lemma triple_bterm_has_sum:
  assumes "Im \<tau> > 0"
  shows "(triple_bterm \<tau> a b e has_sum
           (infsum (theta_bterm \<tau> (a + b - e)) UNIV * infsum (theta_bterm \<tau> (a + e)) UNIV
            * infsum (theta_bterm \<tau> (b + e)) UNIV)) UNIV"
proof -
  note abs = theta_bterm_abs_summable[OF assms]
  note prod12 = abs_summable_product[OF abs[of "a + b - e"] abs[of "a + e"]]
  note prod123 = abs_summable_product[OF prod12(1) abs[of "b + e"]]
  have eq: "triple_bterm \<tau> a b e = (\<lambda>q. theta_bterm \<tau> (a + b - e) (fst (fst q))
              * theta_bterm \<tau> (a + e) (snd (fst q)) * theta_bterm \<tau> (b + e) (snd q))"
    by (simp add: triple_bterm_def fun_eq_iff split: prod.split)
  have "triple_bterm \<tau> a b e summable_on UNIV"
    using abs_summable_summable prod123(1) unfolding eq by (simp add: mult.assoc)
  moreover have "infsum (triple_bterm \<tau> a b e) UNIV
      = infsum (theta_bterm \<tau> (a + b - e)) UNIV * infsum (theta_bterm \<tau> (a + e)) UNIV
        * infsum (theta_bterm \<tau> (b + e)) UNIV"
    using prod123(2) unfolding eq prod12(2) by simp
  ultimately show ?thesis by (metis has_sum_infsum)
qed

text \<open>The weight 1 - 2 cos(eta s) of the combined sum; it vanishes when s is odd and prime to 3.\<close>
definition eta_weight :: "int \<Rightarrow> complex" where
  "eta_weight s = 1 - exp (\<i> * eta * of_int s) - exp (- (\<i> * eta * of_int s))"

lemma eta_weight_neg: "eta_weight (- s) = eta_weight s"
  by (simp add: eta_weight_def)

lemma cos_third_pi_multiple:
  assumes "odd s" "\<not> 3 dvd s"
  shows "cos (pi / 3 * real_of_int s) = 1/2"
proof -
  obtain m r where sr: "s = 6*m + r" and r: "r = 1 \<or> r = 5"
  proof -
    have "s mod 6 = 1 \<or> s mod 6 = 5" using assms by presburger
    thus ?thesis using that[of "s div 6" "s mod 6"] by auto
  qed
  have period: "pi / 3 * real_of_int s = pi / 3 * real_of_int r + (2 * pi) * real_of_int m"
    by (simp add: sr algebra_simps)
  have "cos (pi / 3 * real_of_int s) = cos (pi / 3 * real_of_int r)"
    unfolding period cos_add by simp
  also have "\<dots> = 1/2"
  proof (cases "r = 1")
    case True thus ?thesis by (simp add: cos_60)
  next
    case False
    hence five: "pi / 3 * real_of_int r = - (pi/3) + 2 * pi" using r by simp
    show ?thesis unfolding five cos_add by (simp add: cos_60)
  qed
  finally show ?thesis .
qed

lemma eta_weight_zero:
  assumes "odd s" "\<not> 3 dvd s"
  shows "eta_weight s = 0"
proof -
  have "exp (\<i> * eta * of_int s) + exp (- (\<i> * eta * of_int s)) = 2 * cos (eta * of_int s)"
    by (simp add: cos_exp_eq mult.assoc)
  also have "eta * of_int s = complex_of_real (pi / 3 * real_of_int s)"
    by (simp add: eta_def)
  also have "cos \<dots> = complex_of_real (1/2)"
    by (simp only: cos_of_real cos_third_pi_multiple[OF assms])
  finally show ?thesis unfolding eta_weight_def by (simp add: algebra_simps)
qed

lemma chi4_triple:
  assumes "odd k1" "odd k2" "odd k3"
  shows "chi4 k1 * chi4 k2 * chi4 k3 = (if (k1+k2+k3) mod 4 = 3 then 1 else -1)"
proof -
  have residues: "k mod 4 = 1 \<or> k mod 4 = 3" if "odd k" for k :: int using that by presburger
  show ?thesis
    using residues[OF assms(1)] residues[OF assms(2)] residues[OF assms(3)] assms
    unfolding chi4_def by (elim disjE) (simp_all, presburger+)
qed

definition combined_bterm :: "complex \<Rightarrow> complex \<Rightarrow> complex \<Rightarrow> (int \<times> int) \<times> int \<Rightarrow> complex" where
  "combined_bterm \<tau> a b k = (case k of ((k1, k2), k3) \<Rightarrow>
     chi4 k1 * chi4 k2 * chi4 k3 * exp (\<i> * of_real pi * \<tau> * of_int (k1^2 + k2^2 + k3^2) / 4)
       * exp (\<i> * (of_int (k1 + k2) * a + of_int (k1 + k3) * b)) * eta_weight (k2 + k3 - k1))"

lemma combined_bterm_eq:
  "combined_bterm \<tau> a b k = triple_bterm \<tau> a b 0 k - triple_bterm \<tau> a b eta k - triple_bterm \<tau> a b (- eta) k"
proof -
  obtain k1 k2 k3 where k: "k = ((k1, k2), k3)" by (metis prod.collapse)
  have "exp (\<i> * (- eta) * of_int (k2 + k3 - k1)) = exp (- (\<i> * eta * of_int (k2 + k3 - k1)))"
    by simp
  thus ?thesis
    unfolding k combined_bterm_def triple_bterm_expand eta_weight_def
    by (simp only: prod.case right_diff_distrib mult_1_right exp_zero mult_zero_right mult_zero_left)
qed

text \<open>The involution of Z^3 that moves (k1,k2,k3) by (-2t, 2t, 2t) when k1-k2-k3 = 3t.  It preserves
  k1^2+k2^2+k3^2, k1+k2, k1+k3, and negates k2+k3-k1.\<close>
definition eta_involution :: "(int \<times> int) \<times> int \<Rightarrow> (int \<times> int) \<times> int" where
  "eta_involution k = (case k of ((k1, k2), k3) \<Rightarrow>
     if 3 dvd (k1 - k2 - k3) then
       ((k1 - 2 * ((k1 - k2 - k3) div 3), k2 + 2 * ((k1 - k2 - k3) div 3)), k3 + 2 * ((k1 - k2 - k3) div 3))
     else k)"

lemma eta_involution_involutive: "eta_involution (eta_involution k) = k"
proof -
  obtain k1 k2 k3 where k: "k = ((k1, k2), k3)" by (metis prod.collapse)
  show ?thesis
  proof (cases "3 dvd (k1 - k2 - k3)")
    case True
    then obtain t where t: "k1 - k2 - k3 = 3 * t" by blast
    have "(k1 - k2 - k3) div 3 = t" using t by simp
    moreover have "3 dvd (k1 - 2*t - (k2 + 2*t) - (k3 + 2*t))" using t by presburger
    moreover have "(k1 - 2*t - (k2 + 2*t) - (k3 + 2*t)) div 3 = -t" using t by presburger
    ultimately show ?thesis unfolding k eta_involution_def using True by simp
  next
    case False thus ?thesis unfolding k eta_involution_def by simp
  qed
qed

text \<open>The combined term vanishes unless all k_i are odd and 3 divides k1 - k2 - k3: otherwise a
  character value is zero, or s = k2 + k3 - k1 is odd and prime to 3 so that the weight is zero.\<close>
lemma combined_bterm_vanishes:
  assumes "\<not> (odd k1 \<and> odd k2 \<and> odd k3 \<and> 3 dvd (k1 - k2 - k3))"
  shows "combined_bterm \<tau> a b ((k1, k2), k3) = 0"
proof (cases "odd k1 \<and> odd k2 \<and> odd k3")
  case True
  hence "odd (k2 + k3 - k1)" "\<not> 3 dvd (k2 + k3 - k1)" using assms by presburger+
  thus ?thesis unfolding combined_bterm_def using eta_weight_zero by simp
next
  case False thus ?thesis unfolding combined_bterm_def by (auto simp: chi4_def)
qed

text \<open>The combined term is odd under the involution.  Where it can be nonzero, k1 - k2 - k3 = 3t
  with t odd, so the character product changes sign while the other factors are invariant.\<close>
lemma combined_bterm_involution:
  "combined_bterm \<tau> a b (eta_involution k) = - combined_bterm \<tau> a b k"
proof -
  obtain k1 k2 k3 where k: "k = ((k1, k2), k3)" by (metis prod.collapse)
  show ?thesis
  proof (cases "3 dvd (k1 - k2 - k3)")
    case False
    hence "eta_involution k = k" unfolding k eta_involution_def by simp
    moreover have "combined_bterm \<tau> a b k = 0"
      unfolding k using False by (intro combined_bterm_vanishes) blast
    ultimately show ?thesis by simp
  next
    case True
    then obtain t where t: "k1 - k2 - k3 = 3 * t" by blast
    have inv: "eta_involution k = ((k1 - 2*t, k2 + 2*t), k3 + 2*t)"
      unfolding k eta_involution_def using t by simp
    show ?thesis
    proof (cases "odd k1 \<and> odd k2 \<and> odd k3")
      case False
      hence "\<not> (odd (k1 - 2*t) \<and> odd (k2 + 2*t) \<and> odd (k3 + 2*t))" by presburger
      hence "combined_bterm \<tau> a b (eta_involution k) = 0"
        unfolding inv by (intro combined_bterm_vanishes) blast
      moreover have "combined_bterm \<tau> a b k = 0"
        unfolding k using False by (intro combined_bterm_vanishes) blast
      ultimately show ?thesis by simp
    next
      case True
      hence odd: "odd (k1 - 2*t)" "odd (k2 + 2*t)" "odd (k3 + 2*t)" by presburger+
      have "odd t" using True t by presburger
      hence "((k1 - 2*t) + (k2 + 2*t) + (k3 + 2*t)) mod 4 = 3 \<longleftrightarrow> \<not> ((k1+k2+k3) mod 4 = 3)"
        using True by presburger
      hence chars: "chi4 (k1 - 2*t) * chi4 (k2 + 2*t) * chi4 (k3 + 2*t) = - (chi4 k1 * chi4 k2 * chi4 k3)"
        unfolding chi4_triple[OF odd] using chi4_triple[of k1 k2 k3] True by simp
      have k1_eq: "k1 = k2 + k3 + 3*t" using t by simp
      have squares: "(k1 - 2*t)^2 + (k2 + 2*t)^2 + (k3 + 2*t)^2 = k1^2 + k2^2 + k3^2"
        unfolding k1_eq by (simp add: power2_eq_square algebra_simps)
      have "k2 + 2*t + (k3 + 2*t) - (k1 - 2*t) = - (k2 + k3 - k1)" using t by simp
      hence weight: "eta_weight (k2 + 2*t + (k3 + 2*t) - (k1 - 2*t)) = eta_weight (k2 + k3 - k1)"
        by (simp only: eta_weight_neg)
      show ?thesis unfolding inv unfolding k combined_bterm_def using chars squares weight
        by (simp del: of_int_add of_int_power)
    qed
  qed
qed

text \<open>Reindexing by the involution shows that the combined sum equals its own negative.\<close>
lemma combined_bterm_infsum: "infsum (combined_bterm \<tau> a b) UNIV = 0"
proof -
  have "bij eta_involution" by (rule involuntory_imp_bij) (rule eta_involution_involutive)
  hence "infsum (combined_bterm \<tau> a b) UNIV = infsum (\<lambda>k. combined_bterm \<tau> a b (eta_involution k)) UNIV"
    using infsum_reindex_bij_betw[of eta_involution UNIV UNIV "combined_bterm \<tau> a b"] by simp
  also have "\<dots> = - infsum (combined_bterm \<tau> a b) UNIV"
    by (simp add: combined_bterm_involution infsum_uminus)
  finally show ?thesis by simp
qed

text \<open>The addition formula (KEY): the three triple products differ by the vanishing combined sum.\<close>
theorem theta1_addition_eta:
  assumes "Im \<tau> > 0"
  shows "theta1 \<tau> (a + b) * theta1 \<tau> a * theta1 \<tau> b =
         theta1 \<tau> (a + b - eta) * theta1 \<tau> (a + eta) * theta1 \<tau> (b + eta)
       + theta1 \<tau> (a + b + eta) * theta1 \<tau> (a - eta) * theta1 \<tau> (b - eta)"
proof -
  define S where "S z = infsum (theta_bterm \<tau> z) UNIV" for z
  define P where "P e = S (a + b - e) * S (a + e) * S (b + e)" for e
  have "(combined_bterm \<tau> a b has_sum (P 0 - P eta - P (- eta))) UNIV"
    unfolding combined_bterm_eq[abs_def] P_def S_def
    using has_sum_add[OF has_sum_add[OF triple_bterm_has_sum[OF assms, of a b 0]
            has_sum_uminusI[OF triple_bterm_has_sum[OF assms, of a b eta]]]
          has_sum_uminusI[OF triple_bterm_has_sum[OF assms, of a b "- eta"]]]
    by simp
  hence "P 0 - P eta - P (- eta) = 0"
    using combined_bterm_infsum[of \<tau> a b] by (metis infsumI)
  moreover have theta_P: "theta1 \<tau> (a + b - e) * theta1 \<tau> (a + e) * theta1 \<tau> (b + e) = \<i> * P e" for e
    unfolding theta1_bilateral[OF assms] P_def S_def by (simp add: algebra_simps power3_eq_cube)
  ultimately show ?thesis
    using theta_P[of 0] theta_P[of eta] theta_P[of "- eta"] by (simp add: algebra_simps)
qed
- - -
* **EXERCISE GOAL**: From the entries above, write out only the lines starting at the line that holds "using residues[OF assms(1)]" and ending at the line that holds "dvd (k1 - 2*t", keeping both and matching them exactly.

* **SOLUTION FOR THIS PROBLEM**:
    using residues[OF assms(1)] residues[OF assms(2)] residues[OF assms(3)] assms
    unfolding chi4_def by (elim disjE) (simp_all, presburger+)
qed

definition combined_bterm :: "complex \<Rightarrow> complex \<Rightarrow> complex \<Rightarrow> (int \<times> int) \<times> int \<Rightarrow> complex" where
  "combined_bterm \<tau> a b k = (case k of ((k1, k2), k3) \<Rightarrow>
     chi4 k1 * chi4 k2 * chi4 k3 * exp (\<i> * of_real pi * \<tau> * of_int (k1^2 + k2^2 + k3^2) / 4)
       * exp (\<i> * (of_int (k1 + k2) * a + of_int (k1 + k3) * b)) * eta_weight (k2 + k3 - k1))"

lemma combined_bterm_eq:
  "combined_bterm \<tau> a b k = triple_bterm \<tau> a b 0 k - triple_bterm \<tau> a b eta k - triple_bterm \<tau> a b (- eta) k"
proof -
  obtain k1 k2 k3 where k: "k = ((k1, k2), k3)" by (metis prod.collapse)
  have "exp (\<i> * (- eta) * of_int (k2 + k3 - k1)) = exp (- (\<i> * eta * of_int (k2 + k3 - k1)))"
    by simp
  thus ?thesis
    unfolding k combined_bterm_def triple_bterm_expand eta_weight_def
    by (simp only: prod.case right_diff_distrib mult_1_right exp_zero mult_zero_right mult_zero_left)
qed

text \<open>The involution of Z^3 that moves (k1,k2,k3) by (-2t, 2t, 2t) when k1-k2-k3 = 3t.  It preserves
  k1^2+k2^2+k3^2, k1+k2, k1+k3, and negates k2+k3-k1.\<close>
definition eta_involution :: "(int \<times> int) \<times> int \<Rightarrow> (int \<times> int) \<times> int" where
  "eta_involution k = (case k of ((k1, k2), k3) \<Rightarrow>
     if 3 dvd (k1 - k2 - k3) then
       ((k1 - 2 * ((k1 - k2 - k3) div 3), k2 + 2 * ((k1 - k2 - k3) div 3)), k3 + 2 * ((k1 - k2 - k3) div 3))
     else k)"

lemma eta_involution_involutive: "eta_involution (eta_involution k) = k"
proof -
  obtain k1 k2 k3 where k: "k = ((k1, k2), k3)" by (metis prod.collapse)
  show ?thesis
  proof (cases "3 dvd (k1 - k2 - k3)")
    case True
    then obtain t where t: "k1 - k2 - k3 = 3 * t" by blast
    have "(k1 - k2 - k3) div 3 = t" using t by simp
    moreover have "3 dvd (k1 - 2*t - (k2 + 2*t) - (k3 + 2*t))" using t by presburger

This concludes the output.